Hence, by examining the units digits, we can be certain that 1028, 1022, 1023 and 1027 cannot be whole squares.

Question 13:

Write five numbers for which you cannot decide whether they are squares.

Answer 13:

A number whose unit digit is 2, 3, 7 or 8 cannot be a perfect square.
On the other hand, a number whose unit digit is 1, 4, 5, 6, 9 or 0 might be a perfect square (although we will have to verify whether it is a perfect square or not).
Applying the above two conditions, we cannot quickly decide whether the following numbers are squares of any numbers:
1111, 1444, 1555, 1666, 1999

Question 14:

Write five numbers which you cannot decide whether they are square just by looking at the unit's digit.

Answer 14:

A number whose unit digit is 2, 3, 7 or 8 cannot be a perfect square.
On the other hand, a number whose unit digit is 1, 4, 5, 6, 9 or 0 might be a perfect square although we have to verify that.
Applying these two conditions, we cannot determine whether the following numbers are squares just by looking at their unit digits:
1111, 1001, 1555, 1666 and 1999

Question 15:

Write true (T) or false (F) for the following statements.
(i) The number of digits in a square number is even.
(ii) The square of a prime number is prime.
(iii)  The sum of two square numbers is a square number.
(iv) The difference of two square numbers is a square number.
(v) The product of two square numbers is a square number.
(vi) No square number is negative.
(vii) There is no square number between 50 and 60.
(viii) There are fourteen square number upto 200.

Answer 15:

(i) False
Example: 100 is the square of a number but its number of digits is three, which is not an even number.

(ii) False
If p is a prime number, its square is p², which has at least three factors: 1, p and p². Since it has more than two factors, it is not a prime number.

(iii) False
1 is the square of a number (1 = 1²).

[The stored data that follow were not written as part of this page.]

(* If $L:\mathbb{R}^d\setminus\{0\}\to\mathbb{R}$ is $C^2$ and scale invariant, then for every $x\neq0$, $$\|\nabla L(x)\|_2\le\frac{\pi}{\|x\|_2}\sup_{\|y\|_2=1}\|\nabla^2L(y)\|_2 .$$
   Context: Scale invariant means $L(cx)=L(x)$ for all $c>0$, $x\neq0$. $\|\cdot\|_2$ on matrices is the spectral norm. *)

theory Defs
  imports "HOL-Analysis.Analysis"
begin

definition C2_grad_hess ::
  "(real^'n \<Rightarrow> real) \<Rightarrow> (real^'n \<Rightarrow> real^'n) \<Rightarrow> (real^'n \<Rightarrow> real^'n^'n) \<Rightarrow> bool" where
  "C2_grad_hess L g H \<longleftrightarrow>
     (\<forall>x. x \<noteq> 0 \<longrightarrow> (L has_derivative (\<lambda>h. g x \<bullet> h)) (at x)) \<and>
     (\<forall>x. x \<noteq> 0 \<longrightarrow> (g has_derivative (\<lambda>h. H x *v h)) (at x)) \<and>
     continuous_on (UNIV - {0}) H"

definition scale_invariant :: "(real^'n \<Rightarrow> real) \<Rightarrow> bool" where
  "scale_invariant L \<longleftrightarrow> (\<forall>c x. c > 0 \<longrightarrow> x \<noteq> 0 \<longrightarrow> L (c *\<^sub>R x) = L x)"

definition spec_norm :: "real^'n^'m \<Rightarrow> real" where
  "spec_norm A = onorm (\<lambda>v. A *v v)"

end

theory Submission
  imports Defs
begin

text \<open>Scale invariance makes the gradient orthogonal to its base point and homogeneous of
  degree \<open>-1\<close>, so it suffices to bound it at a unit vector \<open>y\<close>. Restrict \<open>L\<close> to the great
  circle through \<open>y\<close> in the direction \<open>u\<close> of the gradient: \<open>f t = L (cos t y + sin t u)\<close> is
  \<open>2\<pi>\<close>-periodic with \<open>f' 0 = \<parallel>\<nabla>L y\<parallel>\<close>, and by the orthogonality its second derivative is the
  Hessian quadratic form along the circle, bounded by the supremum \<open>M\<close> of the spectral norms.
  A critical point of \<open>f\<close> lies within distance \<open>\<pi>\<close> of \<open>0\<close> or of \<open>2\<pi>\<close>, so the mean value
  theorem applied to \<open>f'\<close> gives \<open>\<parallel>\<nabla>L y\<parallel> \<le> \<pi> M\<close>.\<close>

lemma deriv_bound_by_second_deriv_of_periodic:
  fixes f f' f'' :: "real \<Rightarrow> real"
  assumes "a < b"
    and f: "\<And>t. a \<le> t \<Longrightarrow> t \<le> b \<Longrightarrow> DERIV f t :> f' t"
    and f': "\<And>t. a \<le> t \<Longrightarrow> t \<le> b \<Longrightarrow> DERIV f' t :> f'' t"
    and f''_bound: "\<And>t. a \<le> t \<Longrightarrow> t \<le> b \<Longrightarrow> \<bar>f'' t\<bar> \<le> M"
    and "f a = f b" and "f' a = f' b"
  shows "\<bar>f' a\<bar> \<le> (b - a) / 2 * M"
proof -
  obtain z where z: "a < z" "z < b" "DERIV f z :> 0"
  proof -
    have "continuous_on {a..b} f"
      using f by (meson DERIV_continuous atLeastAtMost_iff continuous_at_imp_continuous_on)
    moreover have "f differentiable (at t)" if "a < t" "t < b" for t
      using f[of t] that real_differentiable_def by force
    ultimately show ?thesis
      using Rolle[OF \<open>a < b\<close> \<open>f a = f b\<close>] that by blast
  qed
  have "f' z = 0"
    using DERIV_unique[OF f z(3)] z by simp
  obtain v where "a < v" "v < z" "f' z - f' a = (z - a) * f'' v"
    using MVT2[OF \<open>a < z\<close>, of f' f''] f' z by fastforce
  with \<open>f' z = 0\<close> have "\<bar>f' a\<bar> = \<bar>(z - a) * f'' v\<bar>"
    by (metis abs_minus_cancel diff_0)
  also have "\<dots> = (z - a) * \<bar>f'' v\<bar>"
    using z by (simp add: abs_mult)
  also have "\<dots> \<le> (z - a) * M"
    using f''_bound[of v] \<open>a < v\<close> \<open>v < z\<close> z by (intro mult_left_mono) auto
  finally have left: "\<bar>f' a\<bar> \<le> (z - a) * M" .
  obtain w where "z < w" "w < b" "f' b - f' z = (b - z) * f'' w"
    using MVT2[OF \<open>z < b\<close>, of f' f''] f' z by fastforce
  with \<open>f' z = 0\<close> \<open>f' a = f' b\<close> have "\<bar>f' a\<bar> = \<bar>(b - z) * f'' w\<bar>"
    by simp
  also have "\<dots> = (b - z) * \<bar>f'' w\<bar>"
    using z by (simp add: abs_mult)
  also have "\<dots> \<le> (b - z) * M"
    using f''_bound[of w] \<open>z < w\<close> \<open>w < b\<close> z by (intro mult_left_mono) auto
  finally have right: "\<bar>f' a\<bar> \<le> (b - z) * M" .
  have "0 \<le> M"
    using f''_bound[of a] \<open>a < b\<close> by simp
  have "\<bar>f' a\<bar> \<le> min (z - a) (b - z) * M"
    using left right by (simp add: min_def)
  also have "\<dots> \<le> (b - a) / 2 * M"
    using \<open>0 \<le> M\<close> by (intro mult_right_mono) (auto simp: min_def)
  finally show ?thesis .
qed

lemma spec_norm_nonneg: "0 \<le> spec_norm A"
  unfolding spec_norm_def by (rule onorm_pos_le[OF matrix_vector_mul_bounded_linear])

lemma abs_quadratic_form_le_spec_norm:
  fixes A :: "real^'n^'n"
  shows "\<bar>(A *v v) \<bullet> v\<bar> \<le> spec_norm A * (norm v)\<^sup>2"
proof -
  have "\<bar>(A *v v) \<bullet> v\<bar> \<le> norm (A *v v) * norm v"
    by (rule Cauchy_Schwarz_ineq2)
  also have "\<dots> \<le> spec_norm A * norm v * norm v"
    unfolding spec_norm_def
    by (intro mult_right_mono onorm[OF matrix_vector_mul_bounded_linear]) simp
  finally show ?thesis
    by (simp add: power2_eq_square mult.assoc)
qed

lemma bdd_above_spec_norm_image:
  fixes H :: "'a::topological_space \<Rightarrow> real^'n^'m"
  assumes "continuous_on S H" and "compact S"
  shows "bdd_above ((\<lambda>y. spec_norm (H y)) ` S)"
proof -
  obtain B where B: "\<And>y. y \<in> S \<Longrightarrow> norm (H y) \<le> B"
    using compact_imp_bounded[OF compact_continuous_image[OF assms]]
    by (auto simp: bounded_iff)
  have "spec_norm (H y) \<le> real CARD('m) * real CARD('n) * B" if "y \<in> S" for y
    unfolding spec_norm_def
  proof (rule onorm_le_matrix_component)
    fix i j
    have "\<bar>H y $ i $ j\<bar> \<le> norm (H y $ i)" by (rule component_le_norm_cart)
    also have "\<dots> \<le> norm (H y)" by (rule Finite_Cartesian_Product.norm_nth_le)
    finally show "\<bar>H y $ i $ j\<bar> \<le> B" using B[OF that] by linarith
  qed
  then show ?thesis
    by (intro bdd_aboveI2) auto
qed

definition great_circle :: "'a::real_vector \<Rightarrow> 'a \<Rightarrow> real \<Rightarrow> 'a" where
  "great_circle y u t = cos t *\<^sub>R y + sin t *\<^sub>R u"

lemma great_circle_has_derivative:
  "(great_circle y u has_derivative (\<lambda>s. s *\<^sub>R great_circle u (- y) t)) (at t)"
  unfolding great_circle_def by (auto intro!: derivative_eq_intros simp: algebra_simps)

lemma great_circle_0 [simp]: "great_circle y u 0 = y"
  and great_circle_2pi [simp]: "great_circle y u (2 * pi) = y"
  by (simp_all add: great_circle_def)

lemma norm_great_circle:
  fixes y u :: "'a::real_inner"
  assumes "norm y = 1" and "norm u = 1" and "y \<bullet> u = 0"
  shows "norm (great_circle y u t) = 1"
proof -
  have "(norm (great_circle y u t))\<^sup>2 = (cos t)\<^sup>2 * (norm y)\<^sup>2 + (sin t)\<^sup>2 * (norm u)\<^sup>2 + 2 * cos t * sin t * (y \<bullet> u)"
    unfolding great_circle_def power2_norm_eq_inner
    by (simp add: inner_add_left inner_add_right inner_commute power2_eq_square algebra_simps)
  also have "\<dots> = 1\<^sup>2"
    using assms by simp
  finally show ?thesis
    by (rule power2_eq_imp_eq) simp_all
qed

lemma scale_invariant_grad_scaleR:
  fixes L :: "real^'n \<Rightarrow> real" and g :: "real^'n \<Rightarrow> real^'n"
  assumes dL: "\<And>x. x \<noteq> 0 \<Longrightarrow> (L has_derivative (\<lambda>h. g x \<bullet> h)) (at x)"
    and "scale_invariant L" and "z \<noteq> 0" and "c > 0"
  shows "g (c *\<^sub>R z) = (1 / c) *\<^sub>R g z"
proof -
  have "((\<lambda>w. L (c *\<^sub>R w)) has_derivative (\<lambda>h. g (c *\<^sub>R z) \<bullet> (c *\<^sub>R h))) (at z)"
    using has_derivative_compose[OF has_derivative_scaleR_right[OF has_derivative_ident] dL]
      \<open>z \<noteq> 0\<close> \<open>c > 0\<close> by (simp add: o_def)
  moreover have "((\<lambda>w. L (c *\<^sub>R w)) has_derivative (\<lambda>h. g z \<bullet> h)) (at z)"
  proof (rule has_derivative_transform_within_open[OF dL[OF \<open>z \<noteq> 0\<close>], of "- {0}"])
    show "\<And>x. x \<in> - {0} \<Longrightarrow> L x = L (c *\<^sub>R x)"
      using assms(2) \<open>c > 0\<close> unfolding scale_invariant_def by auto
  qed (use \<open>z \<noteq> 0\<close> in auto)
  ultimately have "(\<lambda>h. g (c *\<^sub>R z) \<bullet> (c *\<^sub>R h)) = (\<lambda>h. g z \<bullet> h)"
    by (rule has_derivative_unique)
  then have "\<forall>h. (c *\<^sub>R g (c *\<^sub>R z)) \<bullet> h = g z \<bullet> h"
    by (metis inner_scaleR_left inner_scaleR_right)
  then have scaled: "c *\<^sub>R g (c *\<^sub>R z) = g z"
    by (rule vector_eq_rdot[THEN iffD1])
  have "g (c *\<^sub>R z) = (1 / c) *\<^sub>R (c *\<^sub>R g (c *\<^sub>R z))"
    using \<open>c > 0\<close> by simp
  then show ?thesis
    by (simp only: scaled)
qed

lemma scale_invariant_grad_orthogonal:
  fixes L :: "real^'n \<Rightarrow> real" and g :: "real^'n \<Rightarrow> real^'n"
  assumes dL: "\<And>x. x \<noteq> 0 \<Longrightarrow> (L has_derivative (\<lambda>h. g x \<bullet> h)) (at x)"
    and "scale_invariant L" and "z \<noteq> 0"
  shows "g z \<bullet> z = 0"
proof -
  have "(L has_derivative (\<lambda>h. g z \<bullet> h)) (at (1 *\<^sub>R z))"
    using dL \<open>z \<noteq> 0\<close> by simp
  from has_derivative_compose[OF has_derivative_scaleR_left[OF has_derivative_ident] this]
  have "((\<lambda>c. L (c *\<^sub>R z)) has_derivative (\<lambda>s. g z \<bullet> (s *\<^sub>R z))) (at 1)"
    by (simp add: o_def)
  moreover have "((\<lambda>c. L (c *\<^sub>R z)) has_derivative (\<lambda>s. 0)) (at 1)"
  proof (rule has_derivative_transform_within_open[OF has_derivative_const[of "L z"], of "{0<..}"])
    show "\<And>c. c \<in> {0<..} \<Longrightarrow> L z = L (c *\<^sub>R z)"
      using assms(2) \<open>z \<noteq> 0\<close> unfolding scale_invariant_def by auto
  qed auto
  ultimately have "(\<lambda>s. g z \<bullet> (s *\<^sub>R z)) = (\<lambda>s. 0)"
    by (rule has_derivative_unique)
  from fun_cong[OF this, of 1] show ?thesis
    by simp
qed

lemma norm_grad_le_on_unit_sphere:
  fixes L :: "real^'n \<Rightarrow> real" and g :: "real^'n \<Rightarrow> real^'n" and H :: "real^'n \<Rightarrow> real^'n^'n"
  assumes "C2_grad_hess L g H" and "scale_invariant L" and "norm y = 1"
    and M: "\<And>w. norm w = 1 \<Longrightarrow> spec_norm (H w) \<le> M"
  shows "norm (g y) \<le> pi * M"
proof (cases "g y = 0")
  case True
  then show ?thesis
    using M[OF \<open>norm y = 1\<close>] spec_norm_nonneg[of "H y"] by simp
next
  case False
  have dL: "\<And>x. x \<noteq> 0 \<Longrightarrow> (L has_derivative (\<lambda>h. g x \<bullet> h)) (at x)"
    and dg: "\<And>x. x \<noteq> 0 \<Longrightarrow> (g has_derivative (\<lambda>h. H x *v h)) (at x)"
    using assms(1) unfolding C2_grad_hess_def by blast+
  have orthogonal: "\<And>z. z \<noteq> 0 \<Longrightarrow> g z \<bullet> z = 0"
    using scale_invariant_grad_orthogonal[of L g] dL assms(2) by blast
  have "y \<noteq> 0"
    using \<open>norm y = 1\<close> by auto
  define u where "u = sgn (g y)"
  have "norm u = 1" and "y \<bullet> u = 0"
    using False orthogonal[OF \<open>y \<noteq> 0\<close>]
    by (auto simp: u_def norm_sgn sgn_div_norm inner_commute)
  define \<gamma> where "\<gamma> = great_circle y u"
  define \<gamma>' where "\<gamma>' = great_circle u (- y)"
  have unit: "norm (\<gamma> t) = 1" "norm (\<gamma>' t) = 1" for t
    unfolding \<gamma>_def \<gamma>'_def using \<open>norm y = 1\<close> \<open>norm u = 1\<close> \<open>y \<bullet> u = 0\<close>
    by (auto intro!: norm_great_circle simp: inner_commute)
  then have nonzero: "\<gamma> t \<noteq> 0" for t
    by (metis norm_zero zero_neq_one)
  have d\<gamma>: "(\<gamma> has_derivative (\<lambda>s. s *\<^sub>R \<gamma>' t)) (at t)" for t
    unfolding \<gamma>_def \<gamma>'_def by (rule great_circle_has_derivative)
  have d\<gamma>': "(\<gamma>' has_derivative (\<lambda>s. s *\<^sub>R - \<gamma> t)) (at t)" for t
    using great_circle_has_derivative[of u "- y" t]
    unfolding \<gamma>_def \<gamma>'_def by (simp add: great_circle_def algebra_simps)
  define f' where "f' t = g (\<gamma> t) \<bullet> \<gamma>' t" for t
  \<comment> \<open>The chain rule also produces \<open>- g (\<gamma> t) \<bullet> \<gamma> t\<close>, which vanishes by orthogonality.\<close>
  define f'' where "f'' t = (H (\<gamma> t) *v \<gamma>' t) \<bullet> \<gamma>' t" for t
  have "DERIV (\<lambda>t. L (\<gamma> t)) t :> f' t" for t
    using has_derivative_compose[OF d\<gamma> dL[OF nonzero]]
    by (rule has_derivative_imp_has_field_derivative) (simp add: f'_def)
  moreover have "DERIV f' t :> f'' t" for t
  proof -
    have "((\<lambda>s. g (\<gamma> s)) has_derivative (\<lambda>s. H (\<gamma> t) *v (s *\<^sub>R \<gamma>' t))) (at t)"
      using has_derivative_compose[OF d\<gamma> dg[OF nonzero]] by (simp add: o_def)
    from has_derivative_inner[OF this d\<gamma>']
    show ?thesis
      unfolding f'_def
      by (rule has_derivative_imp_has_field_derivative)
        (simp add: f''_def matrix_vector_mult_scaleR orthogonal[OF nonzero])
  qed
  moreover have "\<bar>f'' t\<bar> \<le> M" for t
  proof -
    have "\<bar>f'' t\<bar> \<le> spec_norm (H (\<gamma> t))"
      using abs_quadratic_form_le_spec_norm[of "H (\<gamma> t)" "\<gamma>' t"] unit(2) by (simp add: f''_def)
    also have "\<dots> \<le> M"
      by (rule M[OF unit(1)])
    finally show ?thesis .
  qed
  moreover have "f' 0 = norm (g y)" "f' (2 * pi) = norm (g y)"
    using False by (simp_all add: f'_def \<gamma>_def \<gamma>'_def u_def sgn_div_norm power2_norm_eq_inner[symmetric]
        power2_eq_square)
  ultimately have "\<bar>f' 0\<bar> \<le> (2 * pi - 0) / 2 * M"
    by (intro deriv_bound_by_second_deriv_of_periodic[of 0 "2 * pi" "\<lambda>t. L (\<gamma> t)"])
      (simp_all add: \<gamma>_def)
  with \<open>f' 0 = norm (g y)\<close> show ?thesis
    by simp
qed

theorem mainTheorem6:
  fixes L :: "real^'n \<Rightarrow> real" and g :: "real^'n \<Rightarrow> real^'n" and H :: "real^'n \<Rightarrow> real^'n^'n"
    and x :: "real^'n"
  assumes "C2_grad_hess L g H"
    and "scale_invariant L"
    and "x \<noteq> 0"
  shows "norm (g x) \<le> pi / norm x * (SUP y\<in>sphere 0 1. spec_norm (H y))"
proof -
  define M where "M = (SUP y\<in>sphere 0 1. spec_norm (H y))"
  have "continuous_on (sphere 0 1) H"
    using assms(1) unfolding C2_grad_hess_def by (auto elim: continuous_on_subset)
  then have "bdd_above ((\<lambda>y. spec_norm (H y)) ` sphere 0 1)"
    by (rule bdd_above_spec_norm_image) simp
  then have M: "\<And>w. norm w = 1 \<Longrightarrow> spec_norm (H w) \<le> M"
    unfolding M_def by (intro cSUP_upper) simp_all
  define y where "y = (1 / norm x) *\<^sub>R x"
  have "norm y = 1" and x: "x = norm x *\<^sub>R y"
    using \<open>x \<noteq> 0\<close> by (simp_all add: y_def)
  then have "y \<noteq> 0"
    by auto
  have dL: "\<And>z. z \<noteq> 0 \<Longrightarrow> (L has_derivative (\<lambda>h. g z \<bullet> h)) (at z)"
    using assms(1) unfolding C2_grad_hess_def by blast
  have "g x = (1 / norm x) *\<^sub>R g y"
    using scale_invariant_grad_scaleR[OF dL assms(2), of y "norm x"] \<open>x \<noteq> 0\<close> \<open>y \<noteq> 0\<close> x
    by auto
  then have "norm (g x) = norm (g y) / norm x"
    by simp
  also have "\<dots> \<le> pi * M / norm x"
    using norm_grad_le_on_unit_sphere[OF assms(1,2) \<open>norm y = 1\<close> M] by (simp add: divide_right_mono)
  finally show ?thesis
    by (simp add: M_def)
qed

end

But  1 + 1 = 2, which is not the square of any number.

(iv) False
4 and 1 are squares (4  = 2², 1 = 1²). But  4 − 1 = 3, which is not the square of any number.

(v) True
If a² and b² are two squares, their product is a² x b² = (a x b)², which is a square.

(vi) True
The square of a negative number will be positive because negative times negative is positive.

(vii) True
7² = 49 and 8² = 64. 7 and 8 are consecutive numbers and hence there are no square numbers between 50 and 60.

(viii) True
14² is equal to 196, which is below 200. There are 14 square numbers below 200.